LGBT rights advocates are still waiting for the U.S. Department of Housing & Urban Development to issue regulations on changes it announced late last year to include LGBT families in low-income housing programs.

The department announced plans to make the changes Oct. 26 — more than six months ago — but the changes have yet to be enacted.

Natalie Chin, a Lambda Legal staff attorney, said she didn’t know whether HUD has taken an unreasonably long time to implement the changes, but acknowledged that “it’s been quite some time” since they were first announced.

“It would be nice to get updates just to let us know what’s going on,” she said. “We just haven’t heard anything about it, so that just makes me concerned they’re getting credit for something that doesn’t even exist yet, and it’s important that this actually happens and that they follow through.”

Darlene Nipper, deputy executive director of the National Gay & Lesbian Task Force, said her organization is among those waiting for HUD to issue the new regulations.

“Like everyone else, we’re hoping that they do it sooner rather than later,” she said. “And probably, like everyone else, we’re not surprised that it’s taking time. Unfortunately, that’s the way things go with the government sometimes.”

The changes are intended to ensure the department’s low-income housing programs don’t discriminate on the basis of sexual orientation or gender identity. They would clarify the term “family,” as used to describe the public housing and Housing Choice Voucher programs, to include otherwise eligible LGBT people and couples.

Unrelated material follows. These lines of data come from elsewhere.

text \<open>Since \<open>d\<^sub>k\<^sub>+\<^sub>1\<^sup>2 (1 - 1/d\<^sub>k\<^sub>+\<^sub>1) \<le> d\<^sub>k\<^sup>2\<close>, the weighted sequence \<open>d\<^sub>k\<^sup>2 b\<^sub>k\<^sub>+\<^sub>1\<close> can only decrease
  while it is negative.\<close>
lemma weighted_averaging_lower_bound:
  fixes b d :: "nat \<Rightarrow> real"
  assumes d_ge1: "\<And>k. 1 \<le> d k"
    and d_growth: "\<And>k. (d (Suc k))\<^sup>2 - d (Suc k) \<le> (d k)\<^sup>2"
    and b_Suc: "\<And>k. J \<le> k \<Longrightarrow> (1 - 1 / d k) * b k \<le> b (Suc k)"
    and "J \<le> k"
  shows "min 0 ((d J)\<^sup>2 * b (Suc J)) \<le> (d k)\<^sup>2 * b (Suc k)"
proof -
  define P where "P k = (d k)\<^sup>2 * b (Suc k)" for k
  have P_Suc: "min 0 (P k) \<le> P (Suc k)" if "J \<le> k" for k
  proof -
    have "(d (Suc k))\<^sup>2 * ((1 - 1 / d (Suc k)) * b (Suc k)) \<le> P (Suc k)"
      unfolding P_def using b_Suc[of "Suc k"] that by (intro mult_left_mono) auto
    moreover have "(d (Suc k))\<^sup>2 * ((1 - 1 / d (Suc k)) * b (Suc k))
        = ((d (Suc k))\<^sup>2 - d (Suc k)) * b (Suc k)"
      using d_ge1[of "Suc k"] by (simp add: field_simps power2_eq_square)
    moreover have "min 0 (P k) \<le> ((d (Suc k))\<^sup>2 - d (Suc k)) * b (Suc k)"
    proof (cases "0 \<le> b (Suc k)")
      case True
      then show ?thesis
        using d_ge1[of "Suc k"] by (simp add: power2_eq_square min.coboundedI1)
    next
      case False
      then show ?thesis
        unfolding P_def using d_growth[of k] by (auto intro!: min.coboundedI2 mult_right_mono_neg)
    qed
    ultimately show ?thesis
      by linarith
  qed
  show ?thesis
    unfolding P_def[symmetric] using \<open>J \<le> k\<close>
  proof (induction k rule: dec_induct)
    case (step k)
    then show ?case
      using P_Suc[of k] by (auto simp: min_def split: if_splits)
  qed simp
qed

lemma averaging_eventually_ge:
  fixes a w d :: "nat \<Rightarrow> real"
  assumes d_ge1: "\<And>k. 1 \<le> d k"
    and d_growth: "\<And>k. (d (Suc k))\<^sup>2 - d (Suc k) \<le> (d k)\<^sup>2"
    and d_at_top: "filterlim d at_top sequentially"
    and a_Suc: "\<And>k. a (Suc k) = (1 - 1 / d k) * a k + 1 / d k * w k"
    and w_ge: "\<And>\<epsilon>. 0 < \<epsilon> \<Longrightarrow> \<forall>\<^sub>F k in sequentially. - \<epsilon> \<le> w k"
    and "0 < \<epsilon>"
  shows "\<forall>\<^sub>F k in sequentially. - \<epsilon> \<le> a k"
proof -
  define b where "b k = a k + \<epsilon> / 2" for k
  obtain J where J: "\<And>k. J \<le> k \<Longrightarrow> - (\<epsilon> / 2) \<le> w k"
    using w_ge[of "\<epsilon> / 2"] \<open>0 < \<epsilon>\<close> by (auto simp: eventually_sequentially)
  have b_Suc: "(1 - 1 / d k) * b k \<le> b (Suc k)" if "J \<le> k" for k
  proof -
    have "b (Suc k) - (1 - 1 / d k) * b k = (w k + \<epsilon> / 2) / d k"
      using d_ge1[of k] unfolding b_def a_Suc by (simp add: field_simps)
    also have "\<dots> \<ge> 0"
      using J[OF that] d_ge1[of k] by simp
    finally show ?thesis
      by simp
  qed
  define m where "m = min 0 ((d J)\<^sup>2 * b (Suc J))"
  have "(\<lambda>k. m * (inverse (d k))\<^sup>2) \<longlonglongrightarrow> m * 0\<^sup>2"
    by (intro tendsto_intros tendsto_inverse_0_at_top d_at_top)
  then have "\<forall>\<^sub>F k in sequentially. - (\<epsilon> / 2) < m * (inverse (d k))\<^sup>2"
    by (rule order_tendstoD) (use \<open>0 < \<epsilon>\<close> in simp)
  then have "\<forall>\<^sub>F k in sequentially. - \<epsilon> \<le> a (Suc k)"
    using eventually_ge_at_top[of J]
  proof eventually_elim
    case (elim k)
    have "m * (inverse (d k))\<^sup>2 \<le> ((d k)\<^sup>2 * b (Suc k)) * (inverse (d k))\<^sup>2"
      unfolding m_def using weighted_averaging_lower_bound[of d J b, OF d_ge1 d_growth b_Suc elim(2)]
      by (intro mult_right_mono) auto
    also have "\<dots> = b (Suc k)"
      using d_ge1[of k] by (simp add: field_simps power2_eq_square)
    finally show ?case
      using elim(1) unfolding b_def by linarith
  qed
  then show ?thesis
    using eventually_sequentially_Suc[of "\<lambda>k. - \<epsilon> \<le> a k"] by simp
qed

lemma momentum_three_point_ineq:
  fixes a a0 y y0 \<xi> :: "'a::real_inner"
  assumes "0 \<le> \<kappa>" "\<kappa> \<le> 1" "0 \<le> \<epsilon>" "1/2 + \<epsilon>/2 \<le> c"
    and a0: "a0 = y + (c - 1) *\<^sub>R \<xi>" and y0: "y0 = y - \<xi>"
  shows "1/2 * (norm a)\<^sup>2 - 1/2 * (norm a0)\<^sup>2 + \<epsilon>/2 * (norm y)\<^sup>2 - \<epsilon>/2 * (norm y0)\<^sup>2
    \<le> inner (a - a0 + \<epsilon> *\<^sub>R \<xi>) a - \<kappa> / 2 * (norm (a - a0 + \<epsilon> *\<^sub>R \<xi>))\<^sup>2"
proof -
  define D where "D = a - a0 + \<epsilon> *\<^sub>R \<xi>"
  have "inner D a - \<kappa> / 2 * (norm D)\<^sup>2
      - (1/2 * (norm a)\<^sup>2 - 1/2 * (norm a0)\<^sup>2 + \<epsilon>/2 * (norm y)\<^sup>2 - \<epsilon>/2 * (norm y0)\<^sup>2)
    = (1 - \<kappa>)/2 * (norm D)\<^sup>2 + \<epsilon> * (c - 1/2 - \<epsilon>/2) * (norm \<xi>)\<^sup>2"
    unfolding D_def a0 y0
    by (simp add: power2_norm_eq_inner inner_simps inner_commute) (simp add: field_simps)
  moreover have "0 \<le> (1 - \<kappa>)/2 * (norm D)\<^sup>2 + \<epsilon> * (c - 1/2 - \<epsilon>/2) * (norm \<xi>)\<^sup>2"
    using assms by (intro add_nonneg_nonneg mult_nonneg_nonneg) auto
  ultimately show ?thesis
    unfolding D_def by linarith
qed

section \<open>The subproblem of the method\<close>

lemma inner_vector_matrix_mult: "inner x (y v* A) = inner (A *v x) (y :: real^'m)"
  by (metis dot_lmul_matrix inner_commute)

definition aalm_obj_grad :: "real^'n \<Rightarrow> real^'n^'m \<Rightarrow> real^'m \<Rightarrow> real \<Rightarrow> real \<Rightarrow> real \<Rightarrow> real^'n
    \<Rightarrow> real^'m \<Rightarrow> real \<Rightarrow> real^'m \<Rightarrow> real^'n \<Rightarrow> real^'n" where
  "aalm_obj_grad g A b \<beta> \<gamma> \<delta> xb p c r y =
     g + \<beta> *\<^sub>R (transpose A *v (A *v y - b)) + (1 / \<gamma>) *\<^sub>R (y - xb)
       + transpose A *v (p + (\<delta> * c) *\<^sub>R (c *\<^sub>R (A *v y) - r))"

lemma has_derivative_aalm_obj:
  assumes "(h has_derivative (\<lambda>v. inner g v)) (at y)"
  shows "(aalm_obj h A b \<beta> \<gamma> \<delta> xb p c r has_derivative
      (\<lambda>v. inner (aalm_obj_grad g A b \<beta> \<gamma> \<delta> xb p c r y) v)) (at y)"
proof -
  have "((\<lambda>z. A *v z) has_derivative (\<lambda>z. A *v z)) (at y)"
    by (rule bounded_linear_imp_has_derivative) simp
  then show ?thesis
    unfolding aalm_obj_def[abs_def] aalm_obj_grad_def power2_norm_eq_inner
    by (cases "\<gamma> = 0") (auto intro!: derivative_eq_intros assms
        simp: fun_eq_iff inner_add_left inner_add_right inner_diff_left inner_diff_right inner_commute algebra_simps inner_vector_matrix_mult)
qed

Additionally, the changes would require grantees and others who participate in HUD programs to comply with local and state non-discrimination laws regarding LGBT people. The changes also would ensure that all Federal Housing Administration-insured mortgage loans are based on a borrower’s credit-worthiness and not on unrelated characteristics such as sexual orientation or gender identity.

The proposed but unimplemented changes were among the accomplishments that Human Rights Campaign President Joe Solmonese recently cited in crediting the Obama administration with improving the lives of LGBT people. He praised HUD for making the changes during an April 22 discussion on the Michelangelo Signorile radio show on Sirius XM’s OutQ.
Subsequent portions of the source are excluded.